Als we aan Japanse kunst denken, dan denken we vrijwel direct aan de kleurenhoutsneden. Er is veel geschreven over deze prenten en de beroemde kunstenaars zoals Hokusai en Hiroshige zijn bij menigeen wel bekend.
Het Japonisme is een term, die in de 19de eeuw o.a. gebruikt werd voor de rage met betrekking tot alles wat Japans was. De bloei van de (prent)kunst in de jaren 1890 in het westen is ondenkbaar zonder de invloed van de Japanse kleurenhoutsneden (ukiyo-e). Bekende Westerse voorbeelden van die invloed zijn de affiches van Henri de Toulouse-Lautrec en de prentenserie van Félix Vallotton. En zeker ook de verzameling Japanse prenten van Vincent van Gogh, waarvan hij een aantal heeft genomen als uitgangspunt voor zijn eigen werk.
In dit onderdeel van Japan van Cedar Gallery zal ik in de eerste plaats trachten iets meer uit de doeken te doen over de geschiedenis en ontwikkeling van de Japanse prentkunst. Daarnaast heb ik vele tentoonstellingen bezocht, in Nederland, in Japan en in enkele andere landen. In de loop der tijd zal ik een keuze uit het materiaal maken dat ik in een tiental jaren heb verzameld, Veel van deze prenten deel ik hier graag met u, zodat u een ruimere blik krijgt op de Japanse prentkunst. En wellicht zelf beter kunt bepalen in hoeverre deze Japanse kunstvorm u aanspreekt. Ik wens u veel plezier.

Aly Wagenvoorde
2019

Cedar Gallery is een non-profit site. De inhoud wordt enkel gepubliceerd voor educatieve doeleinden, om mensen te informeren of te vermaken en met goede bedoelingen. Als iets niet conform de regels voor copyright gebeurt, stuur ons dan een bericht, zodat we het onderdeel waarop dit betrekking heeft, zo spoedig mogelijk kunnen verwijderen. We garanderen dit binnen 100 uur te doen (afwezigheid vanwege vakantie of ziekte buiten beschouwing gelaten).

Cedar Gallery behoudt zich het recht voor na te gaan of de persoon die bezwaar aantekent daartoe gerechtigd is.

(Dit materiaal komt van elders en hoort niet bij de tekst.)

theorem proposition5:
  fixes k :: nat
    and B M :: "(real^'n) set"
    and G :: "real^'n \<Rightarrow> real^'m"
    and P g :: "real^'n \<Rightarrow> real^'n"
  assumes k_pos: "0 < k" and k_lt: "k < CARD('n)"
    and dim_m: "CARD('m) = CARD('n) - k"
    and B_open: "open B" and B_conn: "connected B"
    and M_sub: "M \<subseteq> B" and M_compact: "compact M" and M_conn: "connected M"
    and M_ne: "M \<noteq> {}"
    and g_smooth: "\<exists>U gext. open U \<and> M \<subseteq> U \<and> C1_on U gext \<and> (\<forall>x\<in>M. gext x = g x)"
    and g_tangent: "\<forall>x\<in>M. g x \<in> tangent_space M x"
    and A1_C1: "C1_on B G"
    and A1_subm: "\<forall>x\<in>B. surj (frechet_derivative G (at x))"
    and A1_zero: "{x\<in>B. G x = 0} = M"
    and A2_C1: "C1_on B P"
    and A2_into: "P ` B \<subseteq> M"
    and A2_id: "\<forall>x\<in>M. P x = x"
    and A3: "\<forall>x\<in>B. {v. frechet_derivative P (at x) v = 0} \<inter> {v. frechet_derivative G (at x) v = 0} = {0}
              \<and> {a + b | a b. frechet_derivative P (at x) a = 0 \<and> frechet_derivative G (at x) b = 0} = UNIV"
  shows "(\<forall>x\<in>B. frechet_derivative P (at x) (f_h P G g x) = g (P x))
       \<and> (\<forall>x\<in>M. f_h P G g x = g x)"
proof -
  let ?DP = "\<lambda>x. frechet_derivative P (at x)" and ?DG = "\<lambda>x. frechet_derivative G (at x)"
  have DP: "(P has_derivative ?DP x) (at x)" and DG: "(G has_derivative ?DG x) (at x)"
    if "x \<in> B" for x
    using A2_C1 A1_C1 that by (simp_all add: C1_on_has_derivative)
  have PB: "P x \<in> M" "P x \<in> B" if "x \<in> B" for x using A2_into M_sub that by auto
  have kernels: "complementary_kernels (?DP x) (?DG x)" if "x \<in> B" for x
    using A3 that DP[OF that, THEN has_derivative_linear] DG[OF that, THEN has_derivative_linear]
    by (simp add: complementary_kernelsI)
  have rank: "dim (range (?DP x)) = CARD('n) - CARD('m)" if "x \<in> B" for x
    using rank_nullity[OF DG[OF that, THEN has_derivative_linear]] A1_subm that
      complementary_kernels.dim_range_DP[OF kernels[OF that]] by simp
  have DP_idem: "?DP (P x) (?DP x v) = ?DP x v" if "x \<in> B" for x v
    using that by (intro chain_rule_on_open[OF B_open _ DP DP DP]) (simp_all add: PB A2_id)
  have DG_DP: "?DG (P x) (?DP x v) = 0" if "x \<in> B" for x v
    using that A1_zero
    by (intro chain_rule_on_open[OF B_open _ DP DG has_derivative_const]) (auto simp: PB)
  have tangent: "?DP z (g z) = g z" if "z \<in> M" for z
    using that g_tangent M_sub A2_id
    by (intro retraction_derivative_fixes_tangent[OF _ DP]) auto
  show ?thesis
  proof (intro conjI ballI)
    fix x assume x: "x \<in> B"
    interpret Tx: complementary_kernels "?DP x" "?DG x" by (rule kernels[OF x])
    interpret TPx: complementary_kernels "?DP (P x)" "?DG (P x)" by (rule kernels[OF PB(2)[OF x]])
    have "range (?DP x) = range (?DP (P x))"
      using rank[OF x] rank[OF PB(2)[OF x]]
      by (intro range_eq_if_absorbing Tx.linear_DP TPx.linear_DP DP_idem x) simp
    then have "g (P x) \<in> range (?DP x)" using tangent[OF PB(1)[OF x]] by (metis rangeI)
    then show "?DP x (f_h P G g x) = g (P x)"
      unfolding f_h_def Let_def Tmap_eq_Tlin
      by (intro mp_pinv_conj_right_inverse Tx.linear_DP Tx.linear_T Tx.inj_T TPx.linear_T TPx.inj_T)
  next
    fix x assume x: "x \<in> M"
    then have "x \<in> B" and Px: "P x = x" using M_sub A2_id by auto
    interpret Tx: complementary_kernels "?DP x" "?DG x" by (rule kernels[OF \<open>x \<in> B\<close>])
    have "f_h P G g x = ?DP x (g x)"
      unfolding f_h_def Let_def Tmap_eq_Tlin Px
      by (rule Tx.inv_T_mp_pinv_conj_projection)
        (use DP_idem[OF \<open>x \<in> B\<close>] DG_DP[OF \<open>x \<in> B\<close>] in \<open>simp_all add: Px\<close>)
    then show "f_h P G g x = g x" using tangent[OF x] by simp
  qed
qed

Het kopiëren of verspreiden van de inhoud van 'Japanse prenten' voor commercieel gebruik of commerciële publicatie is strikt verboden.
Voor gebruik voor andere doeleinden dient u contact op te nemen via: cedars@live.nl


De Edo-periode Deel I Deel II  /  Deel III
 

De Edo-periode (1615-1868) - Deel I

In Japan was het geruime tijd onrustig geweest. Aan die periode van burgeroorlogen kwam rond 1600 een einde. Tokugawa Ieyasu werd alleenheerser. De familie Tokugawa vormde een conservatieve militaire regering, die de touwtjes stevig in handen had. In het midden van de 17de eeuw sloten ze het land zelfs hermetisch af, zodat er nauwelijks nog buitenlandse invloeden waren. Het was een tijd van relatieve vrede. We spreken hier van de Edo-periode.
De interesse in de leer van Confucius leefde weer op. Om de stabiliteit te bevorderen deelde het Tokugawa regime de samenleving in vier klassen in: krijgers, boeren, ambachtslieden en als laagste klasse de kooplieden.
Gedeeltes van alle grote steden werden ommuurd. Binnen de muren bevonden zich de bordelen, theehuizen en theaters.
Hoewel de ambachtslieden en kooplieden dus onderaan de sociale ladder stonden, ging het hen economisch gezien voor de wind. Zij werden de nieuwe rijke stedelingen, chönin genoemd. Met hun geld konden ze een heel plezierig leven leiden in de uitgaansgebieden.
De militaire klasse had van oudsher een belangrijke rol gespeeld in de kunstwereld. In deze lange periode van vrede bleef deze klasse een rol als kunstbegunstiger spelen, maar er vond ook een duidelijke verschuiving plaats. De uitgaanswijken hadden namelijk een enorme impact op de cultuur van de Edo-periode.
In dit Japan ontstond de Japanse kleurenhoutsnede. De vrouwen, acteurs en bezoekers van deze uitgaansdistricten vormden het onderwerp van de zeer populaire ukiyo-zōshi (boeken van de ‘vlietende wereld’) en ukiyo-e-schilderijen en prenten.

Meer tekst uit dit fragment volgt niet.